For the chaotic time series single-step and multi-step prediction, Gaussian processes （GPs） method based on composite covariance function is proposed. GP priors over functions are determined mainly by covariance functions, and through learning from training data sets, all hyperparameters that define the covariance function and mean function can be estimated by using matrix operations and optimal algorithms within evidence maximum bayesian framework. As a probabilistic kernel machine, the number of tunable parameters for a GP model is greatly reduced compared with those for neural networks and fuzzy models.
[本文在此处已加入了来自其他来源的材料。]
(* For every integer $n\ge4$ and every integer $d$, $p_{n,d}(1,2)=p_{n,d}(1,3)$.
   Context: A cycle $(c_1\cdots c_k)$ means $c_1\mapsto c_2\mapsto\cdots\mapsto c_k\mapsto c_1$; $\operatorname{cdes}(c)=\lvert\{t\in[k]:c_t>c_{t+1}\}\rvert$, $\operatorname{casc}(c)=\lvert\{t\in[k]:c_t<c_{t+1}\}\rvert$ with $c_{k+1}=c_1$; the cyclic weight of a cycle is $\min(\operatorname{cdes}(c),\operatorname{casc}(c))$ and the cyclic weight of a permutation is the sum over its cycles. An odd order permutation is one all of whose cycles have odd length. $p_{n,d}(i,j)$ is the number of odd order permutations $\pi$ of $[n]$ with cyclic weight $d$ such that $\pi(i)=n$ and $\pi(n)=j$ (i.e. containing $i\,n\,j$ as a cyclic factor). *)

theory Defs
  imports "HOL-Combinatorics.Permutations"
begin

text \<open>Writing a cycle as
  (c_1 ... c_k) with c_{t+1} = p c_t, a cyclic descent c_t > c_{t+1} is an element
  y of the cycle with y > p y, and a cyclic ascent one with y < p y.\<close>

definition cyc :: "(nat \<Rightarrow> nat) \<Rightarrow> nat \<Rightarrow> nat set" where
  "cyc p x = {(p ^^ k) x | k. True}"

definition cycles_of :: "nat \<Rightarrow> (nat \<Rightarrow> nat) \<Rightarrow> nat set set" where
  "cycles_of n p = cyc p ` {1..n}"

definition cdes :: "(nat \<Rightarrow> nat) \<Rightarrow> nat set \<Rightarrow> nat" where
  "cdes p C = card {y \<in> C. y > p y}"

definition casc :: "(nat \<Rightarrow> nat) \<Rightarrow> nat set \<Rightarrow> nat" where
  "casc p C = card {y \<in> C. y < p y}"

definition cyc_weight :: "nat \<Rightarrow> (nat \<Rightarrow> nat) \<Rightarrow> nat" where
  "cyc_weight n p = (\<Sum>C\<in>cycles_of n p. min (cdes p C) (casc p C))"

definition odd_order :: "nat \<Rightarrow> (nat \<Rightarrow> nat) \<Rightarrow> bool" where
  "odd_order n p = (\<forall>C\<in>cycles_of n p. odd (card C))"

definition pnd :: "nat \<Rightarrow> int \<Rightarrow> nat \<Rightarrow> nat \<Rightarrow> nat" where
  "pnd n d i j = card {p. p permutes {1..n} \<and> odd_order n p \<and> int (cyc_weight n p) = d
                         \<and> p i = n \<and> p n = j}"

end

(* Split the permutations counted by p_{n,d}(1,2) according to whether p 2 = 3.
   If p 2 \<noteq> 3, then also p 3 \<noteq> 2 (as p n = 2), so no cycle step goes between 2 and 3;
   conjugating by the transposition (2 3) therefore keeps every cyclic descent and ascent and
   gives a bijection onto the permutations counted by p_{n,d}(1,3) with p 3 \<noteq> 2.
   If p 2 = 3, the cycle of p through 1 is (1 n 2 3 c_1 ... c_m) with m \<ge> 1 since its length
   is odd. Replacing it by (1 n 3 2 c_m ... c_1) exchanges its numbers of cyclic descents and
   ascents, so the cyclic weight is kept. This replacement is the conjugate of p^-1 by the
   4-cycle (1 2 n 3) restricted to that cycle; taking the whole conjugate is harmless, since on
   the other cycles it is p^-1, which also just exchanges descents and ascents. *)

theory Submission
  imports Defs "HOL-Combinatorics.Orbits"
begin

lemma card_Collect_split:
  assumes "finite A"
  shows "card A = card {x \<in> A. P x} + card {x \<in> A. \<not> P x}"
proof -
  have "A = {x \<in> A. P x} \<union> {x \<in> A. \<not> P x}" by blast
  then show ?thesis
    using assms by (metis (no_types, lifting) card_Un_disjoint disjoint_iff finite_Un mem_Collect_eq)
qed

lemma card_Collect_cong_outside:
  assumes "finite A" "E \<subseteq> A"
    and "\<And>x. x \<in> A - E \<Longrightarrow> P x \<longleftrightarrow> Q x"
    and "card {x \<in> E. P x} = card {x \<in> E. Q x}"
  shows "card {x \<in> A. P x} = card {x \<in> A. Q x}"
proof -
  have split: "card {x \<in> A. R x} = card {x \<in> E. R x} + card {x \<in> A - E. R x}" for R
  proof -
    have "{x \<in> {x \<in> A. R x}. x \<in> E} = {x \<in> E. R x}"
      "{x \<in> {x \<in> A. R x}. x \<notin> E} = {x \<in> A - E. R x}"
      using assms(2) by blast+
    then show ?thesis using card_Collect_split[of "{x \<in> A. R x}" "\<lambda>x. x \<in> E"] assms(1) by simp
  qed
  have "{x \<in> A - E. P x} = {x \<in> A - E. Q x}" using assms(3) by blast
  then show ?thesis using split[of P] split[of Q] assms(4) by simp
qed

lemma card_Collect_inv_pairs:
  assumes "inj p" "p ` D = D"
  shows "card {x \<in> D. R (inv p x) x} = card {u \<in> D. R u (p u)}"
proof -
  have "{x \<in> D. R (inv p x) x} = p ` {u \<in> D. R u (p u)}"
  proof (intro set_eqI iffI)
    fix x assume "x \<in> {x \<in> D. R (inv p x) x}"
    moreover from this obtain u where "u \<in> D" "x = p u" using assms(2) by blast
    ultimately show "x \<in> p ` {u \<in> D. R u (p u)}" using assms(1) by auto
  next
    fix x assume "x \<in> p ` {u \<in> D. R u (p u)}"
    then show "x \<in> {x \<in> D. R (inv p x) x}" using assms by auto
  qed
  then show ?thesis by (simp add: card_image inj_on_subset[OF assms(1)])
qed

lemma cycles_of_eq_orbits:
  assumes "p permutes {1..n}"
  shows "cycles_of n p = (\<lambda>x. orbit p x) ` {1..n}"
proof -
  have "permutation p" using assms by (auto simp: permutation_permutes)
  then show ?thesis unfolding cycles_of_def cyc_def by (simp add: orbit_altdef_permutation)
qed

lemma image_orbit_self:
  assumes "permutation p"
  shows "p ` orbit p x = orbit p x"
  using orbit_inverse[of x p p p] assms by (simp add: permutation_self_in_orbit permutation_orbit_step)

lemma orbit_conj:
  assumes "bij t" "permutation p"
  shows "orbit (t \<circ> p \<circ> inv t) (t x) = t ` orbit p x"
  using assms by (intro orbit_inverse[symmetric]) (simp_all add: permutation_self_in_orbit bij_is_inj)

lemma cycles_of_conj:
  assumes t: "t permutes {1..n}" and p: "p permutes {1..n}"
  shows "cycles_of n (t \<circ> p \<circ> inv t) = (\<lambda>C. t ` C) ` cycles_of n p"
proof -
  have "t \<circ> p \<circ> inv t permutes {1..n}"
    using t p by (intro permutes_compose permutes_inv)
  then have "cycles_of n (t \<circ> p \<circ> inv t) = (\<lambda>x. orbit (t \<circ> p \<circ> inv t) (t x)) ` {1..n}"
    using permutes_image[OF t] by (metis cycles_of_eq_orbits image_image)
  also have "\<dots> = (\<lambda>C. t ` C) ` cycles_of n p"
    using t p permutes_imp_permutation[OF _ p]
    by (simp add: cycles_of_eq_orbits image_image orbit_conj permutes_bij)
  finally show ?thesis .
qed

lemma cycles_of_inv:
  assumes "p permutes {1..n}"
  shows "cycles_of n (inv p) = cycles_of n p"
  using assms permutes_imp_permutation[OF _ assms]
  by (simp add: cycles_of_eq_orbits permutes_inv orbit_inv_eq)

lemma odd_order_conj:
  assumes "t permutes {1..n}" "p permutes {1..n}"
  shows "odd_order n (t \<circ> p \<circ> inv t) = odd_order n p"
proof -
  have "card (t ` C) = card C" for C
    by (meson assms(1) card_image inj_on_subset permutes_inj subset_UNIV)
  then show ?thesis unfolding odd_order_def cycles_of_conj[OF assms] by simp
qed

lemma odd_order_inv:
  assumes "p permutes {1..n}"
  shows "odd_order n (inv p) = odd_order n p"
  unfolding odd_order_def cycles_of_inv[OF assms] ..

lemma odd_order_no_4_cycle:
  assumes p: "p permutes {1..n}" and odd: "odd_order n p" and x: "x \<in> {1..n}"
    and distinct: "distinct [x, p x, p (p x), p (p (p x))]"
  shows "p (p (p (p x))) \<noteq> x"
proof
  assume closes: "p (p (p (p x))) = x"
  have "orbit p x = {x, p x, p (p x), p (p (p x))}"
  proof
    show "orbit p x \<subseteq> {x, p x, p (p x), p (p (p x))}"
    proof
      fix y assume "y \<in> orbit p x"
      then show "y \<in> {x, p x, p (p x), p (p (p x))}" by induction (use closes in auto)
    qed
    show "{x, p x, p (p x), p (p (p x))} \<subseteq> orbit p x"
      using closes orbit.base[of p x] orbit.step by (metis empty_subsetI insert_subset)
  qed
  then have "card (orbit p x) = 4" using distinct by simp
  moreover have "orbit p x \<in> cycles_of n p" using cycles_of_eq_orbits[OF p] x by simp
  ultimately show False using odd unfolding odd_order_def by fastforce
qed

lemma cdes_conj:
  assumes "inj t"
  shows "cdes (t \<circ> p \<circ> inv t) (t ` D) = card {x \<in> D. t (p x) < t x}"
proof -
  have "{y \<in> t ` D. y > (t \<circ> p \<circ> inv t) y} = t ` {x \<in> D. t (p x) < t x}"
    using assms by auto
  then show ?thesis unfolding cdes_def by (simp add: card_image inj_on_subset[OF assms])
qed

lemma casc_conj:
  assumes "inj t"
  shows "casc (t \<circ> p \<circ> inv t) (t ` D) = card {x \<in> D. t x < t (p x)}"
proof -
  have "{y \<in> t ` D. y < (t \<circ> p \<circ> inv t) y} = t ` {x \<in> D. t x < t (p x)}"
    using assms by auto
  then show ?thesis unfolding casc_def by (simp add: card_image inj_on_subset[OF assms])
qed

lemma cyc_weight_conj:
  assumes t: "t permutes {1..n}" and p: "p permutes {1..n}"
  shows "cyc_weight n (t \<circ> p \<circ> inv t) =
    (\<Sum>C\<in>cycles_of n p. min (card {x \<in> C. t (p x) < t x}) (card {x \<in> C. t x < t (p x)}))"
proof -
  have "inj t" using t by (rule permutes_inj)
  then have "inj_on (\<lambda>C. t ` C) (cycles_of n p)" by (simp add: inj_on_def inj_image_eq_iff)
  then show ?thesis
    unfolding cyc_weight_def cycles_of_conj[OF t p]
    by (simp add: sum.reindex cdes_conj casc_conj \<open>inj t\<close>)
qed

lemma cyc_weight_conj_inv:
  assumes t: "t permutes {1..n}" and p: "p permutes {1..n}"
  shows "cyc_weight n (t \<circ> inv p \<circ> inv t) =
    (\<Sum>C\<in>cycles_of n p. min (card {u \<in> C. t u < t (p u)}) (card {u \<in> C. t (p u) < t u}))"
proof -
  have "cyc_weight n (t \<circ> inv p \<circ> inv t) =
      (\<Sum>C\<in>cycles_of n p. min (card {x \<in> C. t (inv p x) < t x}) (card {x \<in> C. t x < t (inv p x)}))"
    using cyc_weight_conj[OF t permutes_inv[OF p]] cycles_of_inv[OF p] by simp
  also have "\<dots> = (\<Sum>C\<in>cycles_of n p. min (card {u \<in> C. t u < t (p u)}) (card {u \<in> C. t (p u) < t u}))"
  proof (rule sum.cong[OF refl])
    fix C assume "C \<in> cycles_of n p"
    then obtain x where "C = orbit p x" using cycles_of_eq_orbits[OF p] by auto
    then have "p ` C = C" using image_orbit_self permutes_imp_permutation[OF _ p] by simp
    note inv_pairs = card_Collect_inv_pairs[OF permutes_inj[OF p] this]
    show "min (card {x \<in> C. t (inv p x) < t x}) (card {x \<in> C. t x < t (inv p x)}) =
        min (card {u \<in> C. t u < t (p u)}) (card {u \<in> C. t (p u) < t u})"
      using inv_pairs[where R = "\<lambda>v w. t v < t w"] inv_pairs[where R = "\<lambda>v w. t w < t v"] by simp
  qed
  finally show ?thesis .
qed

lemma cyc_weight_conj_adjacent_transpose:
  assumes p: "p permutes {1..n}" and i: "1 \<le> i" "Suc i \<le> n"
    and not_adjacent: "p i \<noteq> Suc i" "p (Suc i) \<noteq> i"
  shows "cyc_weight n (transpose i (Suc i) \<circ> p \<circ> transpose i (Suc i)) = cyc_weight n p"
proof -
  let ?t = "transpose i (Suc i)"
  have t: "?t permutes {1..n}" using i by (intro permutes_swap_id) auto
  have "(?t (p x) < ?t x) = (p x < x)" "(?t x < ?t (p x)) = (x < p x)" for x
    using not_adjacent by (auto simp: transpose_def)
  then show ?thesis
    using cyc_weight_conj[OF t p] by (simp add: cyc_weight_def cdes_def casc_def)
qed

locale tail_reversal =
  fixes n a b :: nat and p \<pi> :: "nat \<Rightarrow> nat"
  assumes p: "p permutes {1..n}" and n: "4 \<le> n" and ab: "{a, b} = {2, 3}"
    and p_1: "p 1 = n" and p_n: "p n = a" and p_a: "p a = b" and p_b: "p b \<noteq> 1"
    and \<pi>: "\<pi> permutes {1..n}"
    and \<pi>_1: "\<pi> 1 = a" and \<pi>_a: "\<pi> a = n" and \<pi>_n: "\<pi> n = b" and \<pi>_b: "\<pi> b = 1"
    and \<pi>_other: "\<And>x. x \<notin> {1, a, n, b} \<Longrightarrow> \<pi> x = x"
begin

lemma p_permutation: "permutation p"
  using permutes_imp_permutation[OF _ p] by simp

lemma ab_cases: "a = 2 \<and> b = 3 \<or> a = 3 \<and> b = 2"
  using ab by (auto simp: doubleton_eq_iff)

lemma in_orbit: "1 \<in> orbit p 1" "n \<in> orbit p 1" "a \<in> orbit p 1" "b \<in> orbit p 1"
  using permutation_self_in_orbit[OF p_permutation] orbit.base[of p 1] orbit.step
  by (metis p_1 p_n p_a)+

lemma orbit_subset: "orbit p 1 \<subseteq> {1..n}"
  using permutes_orbit_subset[OF p, of 1] n by simp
GP models with different composite covariance functions are applied to chaotic time series single-step and multi-step ahead prediction and compared with other models such as standard GP model with single covariance function, standard support vector machines, least square support vector machine, radial basis functional （RBF） neural networks, etc. Simulation results reveal that GP method with using different composite covariance functions can be used to accurately predict the chaotic time series and show stable performance with robustness. Hence, it provides an effective approach to studying the properties of complex nonlinear system modeling and control.